11. I think that these companies that have been formed in almost all existing industries, once they turn the corner and can make good use of the ability of large models, the benefits and value gains they obtain must add up to the largest. Of course, this does not mean that startups do not have opportunities, it is very possible for startups to make three or five super apps, and hundreds or thousands of very valuable vertical apps, which is also very possible.
12. The ratio of PM and R&D is changing. In the past we had to do a lot of R&D in a PM, today it may be 1 to 1. In other words, many practices do not require R&D intervention during the early test, and the PM can do it by saving up a thing by itself, which is different from before.
13. The truly successful AI native application product manager is likely not to be a certain type of person, but a synthesis of all kinds of people, someone may not be a computer major, but he has a strong ability to learn Xi, he has a sense of product and market, and at the same time is not afraid of technology, even if he has not learned, read the latest **, you can understand what is said, what method is used, this type of person is most likely to become a successful product manager.
14. Why am I struggling with the word "access", in fact, I am struggling with your muscle memory.
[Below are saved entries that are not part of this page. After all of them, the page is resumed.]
lemma inertial_test_nonpos:
  fixes F :: "'a::real_inner \<Rightarrow> 'a"
  assumes "inner (xp - lp *\<^sub>R F yp - xn) (xs - xn) \<le> 0"
    and "inner (xp - lp *\<^sub>R F yp - xn) (xp - xn) \<le> 0"
    and "yn = xn + th *\<^sub>R (xn - xp)" and "0 \<le> th"
    and "norm (l *\<^sub>R F yn - (th * lp) *\<^sub>R F yp) \<le> \<alpha> * norm (yn - yp)" and "0 \<le> \<alpha>"
  shows "algA_test F \<alpha> xn xs yn yp l \<le> 0"
proof -
  define a b c d where "a = norm (yn - yp)" and "b = norm (xs - yn)"
    and "c = norm (xn - yn)" and "d = norm (xn - yp)"
  have "a \<le> c + d"
    using norm_triangle_ineq[of "yn - xn" "xn - yp"]
    unfolding a_def c_def d_def by (simp add: norm_minus_commute)
  then have "2 * a * b \<le> 2 * (c + d) * b"
    unfolding b_def by (simp add: mult_right_mono)
  also have "\<dots> \<le> (1 + sqrt 2) * c\<^sup>2 + sqrt 2 * b\<^sup>2 + d\<^sup>2"
    by (rule sqrt2_young)
  finally have "\<alpha> * (2 * a * b) \<le> \<alpha> * ((1 + sqrt 2) * c\<^sup>2 + sqrt 2 * b\<^sup>2 + d\<^sup>2)"
    using \<open>0 \<le> \<alpha>\<close> by (rule mult_left_mono)
  with inertial_step_ineq[OF assms(1-5)] show ?thesis
    unfolding algA_test_def a_def b_def c_def d_def by (simp add: algebra_simps)
qed

lemma algA_step_next:
  assumes "algA_step C F \<alpha> lbar x y lam theta k"
  shows "x (Suc k) = metric_proj C (x k - lam k *\<^sub>R F (y k))"
  using assms unfolding algA_step_def Let_def by auto

lemma step_lam_nonneg:
  assumes "0 \<le> \<alpha>" "0 \<le> lp" "0 \<le> thp" "0 < \<theta>" "0 < lbar"
  shows "0 \<le> step_lam F \<alpha> lbar yp lp thp y \<theta>"
  using assms unfolding step_lam_def min_quot_def by auto

lemma algA_step_nonneg:
  assumes "algA_step C F \<alpha> lbar x y lam theta k"
    and "0 \<le> lam (k - 1)" "0 \<le> theta (k - 1)" "0 < \<alpha>" "0 < lbar"
  shows "0 \<le> lam k \<and> 0 \<le> theta k"
proof -
  have "0 \<le> step_lam F \<alpha> lbar (y (k - 1)) (lam (k - 1)) (theta (k - 1)) (2 *\<^sub>R x k - x (k - 1)) 1"
    using assms by (intro step_lam_nonneg) auto
  with assms(1,2) show ?thesis
    unfolding algA_step_def Let_def
    apply (elim conjE disjE)
    subgoal by simp
    subgoal by simp
    subgoal by (metis less_imp_le mult_nonneg_nonneg order_trans)
    done
qed

lemma algA_step_cases:
  assumes "algA_step C F \<alpha> lbar x y lam theta k"
  obtains "algA_test F \<alpha> (x k) (x (Suc k)) (y k) (y (k - 1)) (lam k) \<le> 0"
  | th where "0 \<le> th" "y k = x k + th *\<^sub>R (x k - x (k - 1))"
      "norm (lam k *\<^sub>R F (y k) - (th * lam (k - 1)) *\<^sub>R F (y (k - 1))) \<le> \<alpha> * norm (y k - y (k - 1))"
proof -
  have extrapolation: "2 *\<^sub>R x k - x (k - 1) = x k + 1 *\<^sub>R (x k - x (k - 1))"
    by (simp add: scaleR_2 algebra_simps)
  show ?thesis
    using assms unfolding algA_step_def Let_def
    apply (elim conjE disjE)
    subgoal using that(1) unfolding algA_test_def by simp
    subgoal using that(2)[of 1] extrapolation by simp
    subgoal using that(2)[of "theta k"] by simp
    done
qed

lemma algA_next:
  assumes "algA_init C F \<alpha> lbar lm1 x y lam theta"
    and "\<forall>k\<in>{1..n}. algA_step C F \<alpha> lbar x y lam theta k" and "k \<le> n"
  shows "x (Suc k) = metric_proj C (x k - lam k *\<^sub>R F (y k))"
proof (cases "k = 0")
  case True
  then show ?thesis using assms(1) unfolding algA_init_def by simp
next
  case False
  with assms(2,3) have "algA_step C F \<alpha> lbar x y lam theta k" by simp
  then show ?thesis by (rule algA_step_next)
qed

lemma algA_nonneg:
  assumes "0 < \<alpha>" "0 < lbar"
    and "algA_init C F \<alpha> lbar lm1 x y lam theta"
    and "\<forall>k\<in>{1..n}. algA_step C F \<alpha> lbar x y lam theta k" and "k \<le> n"
  shows "0 \<le> lam k \<and> 0 \<le> theta k"
  using \<open>k \<le> n\<close>
proof (induction k)
  case 0
  with assms(1-3) show ?case
    unfolding algA_init_def min_quot_def by auto
next
  case (Suc k)
  with assms(1,2,4) show ?case
    using algA_step_nonneg[of C F \<alpha> lbar x y lam theta "Suc k"] by simp
qed

lemma algA_in_set:
  fixes C :: "'a::{real_inner, complete_space} set"
  assumes "C \<noteq> {}" "closed C" "convex C"
    and "algA_init C F \<alpha> lbar lm1 x y lam theta"
    and "\<forall>k\<in>{1..n}. algA_step C F \<alpha> lbar x y lam theta k" and "k \<le> Suc n"
  shows "x k \<in> C"
proof (cases k)
  case 0
  then show ?thesis using assms(4) unfolding algA_init_def by simp
next
  case (Suc j)
  then show ?thesis
    using algA_next[OF assms(4,5), of j] metric_proj_closest(1)[OF assms(1-3)] assms(6) by simp
qed

lemma algA_test_nonpos:
  fixes C :: "'a::{real_inner, complete_space} set"
  assumes "C \<noteq> {}" "closed C" "convex C" "0 < \<alpha>"
    and "algA_init C F \<alpha> lbar lm1 x y lam theta"
    and "\<forall>k\<in>{1..n}. algA_step C F \<alpha> lbar x y lam theta k" and "1 \<le> n"
  shows "algA_test F \<alpha> (x n) (x (Suc n)) (y n) (y (n - 1)) (lam n) \<le> 0"
proof -
  have "algA_step C F \<alpha> lbar x y lam theta n"
    using assms(6,7) by simp
  then show ?thesis
  proof (cases rule: algA_step_cases)
    case (2 th)
    define u where "u = x (n - 1) - lam (n - 1) *\<^sub>R F (y (n - 1))"
    have "x n = metric_proj C u"
      using algA_next[OF assms(5,6), of "n - 1"] assms(7) unfolding u_def by simp
    moreover have "x (Suc n) \<in> C" "x (n - 1) \<in> C"
      using algA_in_set[OF assms(1-3,5,6)] by simp_all
    ultimately have "inner (u - x n) (x (Suc n) - x n) \<le> 0" "inner (u - x n) (x (n - 1) - x n) \<le> 0"
      using metric_proj_inner_le[OF assms(1-3)] by simp_all
    with 2 \<open>0 < \<alpha>\<close> show ?thesis
      unfolding u_def by (metis inertial_test_nonpos less_imp_le)
  qed
qed

text \<open>Lipschitz continuity of F and the bound \<open>\<alpha> < sqrt 2 - 1\<close> are only needed for the
  step sizes of Step 4 to exist; the estimate itself holds for every \<open>\<alpha> > 0\<close>.\<close>

theorem lemma4p5:
  fixes C :: "'a::{real_inner, complete_space} set"
    and F :: "'a \<Rightarrow> 'a"
    and L \<alpha> lbar lm1 :: real
    and x y :: "nat \<Rightarrow> 'a" and lam theta :: "nat \<Rightarrow> real"
    and z :: 'a and n :: nat
  assumes "C \<noteq> {}" and "closed C" and "convex C"
    and "monotone_op F" and "L > 0" and "L-lipschitz_on UNIV F"
    and "VI_sol C F \<noteq> {}"
    and "0 < \<alpha>" and "\<alpha> < sqrt 2 - 1" and "lbar > 0"
    and "algA_init C F \<alpha> lbar lm1 x y lam theta"
    and "\<forall>k\<in>{1..n}. algA_step C F \<alpha> lbar x y lam theta k"
    and "z \<in> VI_sol C F"
    and "n \<ge> 1"
  shows "(norm (x (Suc n) - z))\<^sup>2 \<le> (norm (x n - z))\<^sup>2
           - (1 - \<alpha> * (1 + sqrt 2)) * (norm (x n - y n))\<^sup>2
           - (1 - sqrt 2 * \<alpha>) * (norm (x (Suc n) - y n))\<^sup>2
           + \<alpha> * (norm (x n - y (n - 1)))\<^sup>2
           - 2 * lam n * inner (F z) (y n - z)"
proof -
  have "z \<in> C"
    using assms(13) unfolding VI_sol_def by simp
  then have "inner (x n - lam n *\<^sub>R F (y n) - x (Suc n)) (z - x (Suc n)) \<le> 0"
    using metric_proj_inner_le[OF assms(1-3)] algA_next[OF assms(11,12), of n] by simp
  then have "(norm (x (Suc n) - z))\<^sup>2 \<le> (norm (x n - z))\<^sup>2 - (norm (x (Suc n) - x n))\<^sup>2
      + 2 * lam n * inner (F (y n)) (y n - x (Suc n)) - 2 * lam n * inner (F z) (y n - z)"
    using algA_nonneg[OF assms(8,10-12), of n] assms(4) by (intro proj_step_dist_sq) simp_all
  moreover have "algA_test F \<alpha> (x n) (x (Suc n)) (y n) (y (n - 1)) (lam n) \<le> 0"
    using algA_test_nonpos[OF assms(1-3,8,11,12,14)] .
  ultimately show ?thesis
    unfolding algA_test_def by linarith
qed

end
Because access is the easiest, but also the lowest value. What does your business have to do with the big model, and can the big model help you grow your DAU, how much your retention rate grows, how much does your user duration grow, how much does your revenue grow, and how much does your profit grow?These are the key metrics for the business. But it's not easy to make a difference in these key indicators. It doesn't depend on inertia, it doesn't depend on muscle memory.
15. Our cognition today is very different from our cognition in a month or half a year or a year. How did this cognition come out of it?It's not something you think out of thin air while sitting in the room, and it's not something I read ** to understand. Indeed, there are countless developers who know that this road leads and this road does not work in the process of trying. Today, the vast majority of possibilities have not been tried, and entrepreneurs and developers have to try, whether this road works or not, it is a valuable experience and lesson. Even if you don't get through, you know that you haven't gotten through, and if you get through, it's a big opportunity.
16. I think it is a long-term opportunity, but if you don't seize this opportunity early, you are likely to fall behind in the competition. This year there is a chance this year, next year there is a chance next year, and if there is a chance in five years, I think there will be a chance. But why not earlier?Why not bring out the value of technology and the potential of technology earlier than your peers and competitors?Especially when your metrics, when your North Star metrics, do they have a positive effect on the key metrics of the core business?When you think it through, everything else will be solved.
17. With the advent of the era of large models, the real value lies in native applications, and native applications are great opportunities for large manufacturers, small and medium-sized enterprises, and entrepreneurs.